lemma binomial_nf_next_binomial_mult:
  assumes "m > 0"
  shows "binomial_nf m (i + 1) ((var (i + 2) ^ m - var (i + 1) ^ m) * h)
           = (var (i + 2) ^ m - var 1 ^ m) * binomial_nf m (i + 1) h"
  using assms
  by (simp add: left_diff_distrib map_monomials_diff binomial_nf_var_power_mult_inside
      binomial_nf_var_power_mult_outside)

lemma regular_sequence_binomials:
  assumes "m > 0" "{1..j + 1} \<subseteq> V"
  shows "regular_sequence (poly_ring V) (binomials m j :: 'a::idom mpoly list)"
  unfolding regular_sequence_def
proof (intro conjI allI impI ballI)
  show "set (binomials m j :: 'a mpoly list) \<subseteq> poly_ring V"
    using assms(2) by (auto simp: binomials_def intro!: poly_ring.diff_mem var_power_mem_poly_ring)
  show "1 \<notin> ideal_gen (poly_ring V) (binomials m j :: 'a mpoly list)"
    using assms(1) by (intro one_notin_ideal_gen) (auto simp: binomials_def lookup_minus lookup_var_power_zero)
next
  fix i and g :: "'a mpoly"
  assume i: "i < length (binomials m j)" and g: "g \<in> poly_ring V"
    and fg: "binomials m j ! i * g \<in> ideal_gen (poly_ring V) (take i (binomials m j))"
  have f_mem: "var (i + 2) ^ m - var (i + 1) ^ m \<in> (poly_ring V :: 'a mpoly set)"
    using assms(2) i by (intro poly_ring.diff_mem var_power_mem_poly_ring) auto
  have u_nonzero: "(var (i + 2) ^ m - var 1 ^ m :: 'a mpoly) \<noteq> 0"
    using assms(1) by (intro var_power_diff_nonzero) auto
  have "\<forall>g \<in> poly_ring V. (var (i + 2) ^ m - var (i + 1) ^ m :: 'a mpoly) * g \<in> ideal_gen (poly_ring V) (binomials m i)
      \<longrightarrow> g \<in> ideal_gen (poly_ring V) (binomials m i)"
    using assms(2)
    by (intro nonzerodivisor_mod_binomials[OF assms(1) _ f_mem u_nonzero]
        binomial_nf_next_binomial_mult[OF assms(1)]) auto
  with i g fg show "g \<in> ideal_gen (poly_ring V) (take i (binomials m j))"
    by (simp add: take_binomials nth_binomials)
qed
text \<open>
  With \<open>K = p\<^sub>1(x-1)/p\<close>, \<open>u\<^sub>i = xbar(x\<^sub>i)\<close> and \<open>t = xbar(x\<^sub>n) - 1\<close>, each factor is
  \<open>x\<^sub>n - x\<^sub>i = K (1 + t - u\<^sub>i)\<close>, where on \<open>E\<^sub>n\<close> we have \<open>t > 0\<close> and \<open>|u\<^sub>i| < e = \<delta>\<^sub>n/(x-1)\<close>.
  For \<open>|u| \<le> e \<le> 1/2\<close> the logarithm is squeezed,
  \<open>-u - (1/2+e)u\<^sup>2 \<le> ln (1-u) \<le> -u - (1/2-e)u\<^sup>2\<close>, because \<open>ln (1-v) + v + k v\<^sup>2\<close> has
  derivative \<open>v (2k - 1/(1-v))\<close>, whose sign is that of \<open>\<plusminus>v\<close> for \<open>k = 1/2 \<plusminus> e\<close>.
  The lower bound follows by dropping \<open>t\<close>; for the upper bound
  \<open>1 + t - u = (1-u)(1 + t/(1-u)) \<le> (1-u) exp (t/(1-e))\<close>, and the \<open>n-1\<close> factors
  \<open>exp (t/(1-e))\<close> give the coefficient \<open>n/(1-e) = n + o(n)\<close> of \<open>t\<close>.
\<close>

lemma min_at_zero_by_derivative_sign:
  fixes f f' :: "real \<Rightarrow> real"
  assumes deriv: "\<And>v. \<bar>v\<bar> \<le> \<bar>u\<bar> \<Longrightarrow> (f has_real_derivative f' v) (at v)"
    and sign: "\<And>v. \<bar>v\<bar> \<le> \<bar>u\<bar> \<Longrightarrow> 0 \<le> v * f' v"
  shows "f 0 \<le> f u"
proof (cases u "0::real" rule: linorder_cases)
  case less
  then obtain z where z: "u < z" "z < 0" "f 0 - f u = (0 - u) * f' z"
    using MVT2[of u 0 f f'] deriv by force
  have "f' z \<le> 0"
    using sign[of z] z by (simp add: zero_le_mult_iff)
  then have "0 \<le> u * f' z"
    using less by (simp add: mult_nonpos_nonpos)
  then show ?thesis
    using z by simp
next
  case greater
  then obtain z where z: "0 < z" "z < u" "f u - f 0 = (u - 0) * f' z"
    using MVT2[of 0 u f f'] deriv by force
  have "0 \<le> f' z"
    using sign[of z] z by (simp add: zero_le_mult_iff)
  then have "0 \<le> u * f' z"
    using greater by simp
  then show ?thesis
    using z by simp
qed simp

lemma has_real_derivative_ln_one_minus_quadratic:
  assumes "v < 1"
  shows "((\<lambda>v. ln (1 - v) + v + k * v\<^sup>2) has_real_derivative v * (2 * k - 1 / (1 - v))) (at v)"
  using assms by (auto intro!: derivative_eq_intros simp: field_simps)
====
■ WHAT YOU ARE ASKED TO DO
Above are some records. Print them all exactly.

■ YOUR SOLUTION
lemma binomial_nf_next_binomial_mult:
  assumes "m > 0"
  shows "binomial_nf m (i + 1) ((var (i + 2) ^ m - var (i + 1) ^ m) * h)
           = (var (i + 2) ^ m - var 1 ^ m) * binomial_nf m (i + 1) h"
  using assms
  by (simp add: left_diff_distrib map_monomials_diff binomial_nf_var_power_mult_inside
      binomial_nf_var_power_mult_outside)

lemma regular_sequence_binomials:
  assumes "m > 0" "{1..j + 1} \<subseteq> V"
  shows "regular_sequence (poly_ring V) (binomials m j :: 'a::idom mpoly list)"
  unfolding regular_sequence_def
proof (intro conjI allI impI ballI)
  show "set (binomials m j :: 'a mpoly list) \<subseteq> poly_ring V"
    using assms(2) by (auto simp: binomials_def intro!: poly_ring.diff_mem var_power_mem_poly_ring)
  show "1 \<notin> ideal_gen (poly_ring V) (binomials m j :: 'a mpoly list)"
    using assms(1) by (intro one_notin_ideal_gen) (auto simp: binomials_def lookup_minus lookup_var_power_zero)
next
  fix i and g :: "'a mpoly"
  assume i: "i < length (binomials m j)" and g: "g \<in> poly_ring V"
    and fg: "binomials m j ! i * g \<in> ideal_gen (poly_ring V) (take i (binomials m j))"
  have f_mem: "var (i + 2) ^ m - var (i + 1) ^ m \<in> (poly_ring V :: 'a mpoly set)"
    using assms(2) i by (intro poly_ring.diff_mem var_power_mem_poly_ring) auto
  have u_nonzero: "(var (i + 2) ^ m - var 1 ^ m :: 'a mpoly) \<noteq> 0"
    using assms(1) by (intro var_power_diff_nonzero) auto
  have "\<forall>g \<in> poly_ring V. (var (i + 2) ^ m - var (i + 1) ^ m :: 'a mpoly) * g \<in> ideal_gen (poly_ring V) (binomials m i)
      \<longrightarrow> g \<in> ideal_gen (poly_ring V) (binomials m i)"
    using assms(2)
    by (intro nonzerodivisor_mod_binomials[OF assms(1) _ f_mem u_nonzero]
        binomial_nf_next_binomial_mult[OF assms(1)]) auto
  with i g fg show "g \<in> ideal_gen (poly_ring V) (take i (binomials m j))"
    by (simp add: take_binomials nth_binomials)
qed
text \<open>
  With \<open>K = p\<^sub>1(x-1)/p\<close>, \<open>u\<^sub>i = xbar(x\<^sub>i)\<close> and \<open>t = xbar(x\<^sub>n) - 1\<close>, each factor is
  \<open>x\<^sub>n - x\<^sub>i = K (1 + t - u\<^sub>i)\<close>, where on \<open>E\<^sub>n\<close> we have \<open>t > 0\<close> and \<open>|u\<^sub>i| < e = \<delta>\<^sub>n/(x-1)\<close>.
  For \<open>|u| \<le> e \<le> 1/2\<close> the logarithm is squeezed,
  \<open>-u - (1/2+e)u\<^sup>2 \<le> ln (1-u) \<le> -u - (1/2-e)u\<^sup>2\<close>, because \<open>ln (1-v) + v + k v\<^sup>2\<close> has
  derivative \<open>v (2k - 1/(1-v))\<close>, whose sign is that of \<open>\<plusminus>v\<close> for \<open>k = 1/2 \<plusminus> e\<close>.
  The lower bound follows by dropping \<open>t\<close>; for the upper bound
  \<open>1 + t - u = (1-u)(1 + t/(1-u)) \<le> (1-u) exp (t/(1-e))\<close>, and the \<open>n-1\<close> factors
  \<open>exp (t/(1-e))\<close> give the coefficient \<open>n/(1-e) = n + o(n)\<close> of \<open>t\<close>.
\<close>

lemma min_at_zero_by_derivative_sign:
  fixes f f' :: "real \<Rightarrow> real"
  assumes deriv: "\<And>v. \<bar>v\<bar> \<le> \<bar>u\<bar> \<Longrightarrow> (f has_real_derivative f' v) (at v)"
    and sign: "\<And>v. \<bar>v\<bar> \<le> \<bar>u\<bar> \<Longrightarrow> 0 \<le> v * f' v"
  shows "f 0 \<le> f u"
proof (cases u "0::real" rule: linorder_cases)
  case less
  then obtain z where z: "u < z" "z < 0" "f 0 - f u = (0 - u) * f' z"
    using MVT2[of u 0 f f'] deriv by force
  have "f' z \<le> 0"
    using sign[of z] z by (simp add: zero_le_mult_iff)
  then have "0 \<le> u * f' z"
    using less by (simp add: mult_nonpos_nonpos)
  then show ?thesis
    using z by simp
next
  case greater
  then obtain z where z: "0 < z" "z < u" "f u - f 0 = (u - 0) * f' z"
    using MVT2[of 0 u f f'] deriv by force
  have "0 \<le> f' z"
    using sign[of z] z by (simp add: zero_le_mult_iff)
  then have "0 \<le> u * f' z"
    using greater by simp
  then show ?thesis
    using z by simp
qed simp

lemma has_real_derivative_ln_one_minus_quadratic:
  assumes "v < 1"
  shows "((\<lambda>v. ln (1 - v) + v + k * v\<^sup>2) has_real_derivative v * (2 * k - 1 / (1 - v))) (at v)"
  using assms by (auto intro!: derivative_eq_intros simp: field_simps)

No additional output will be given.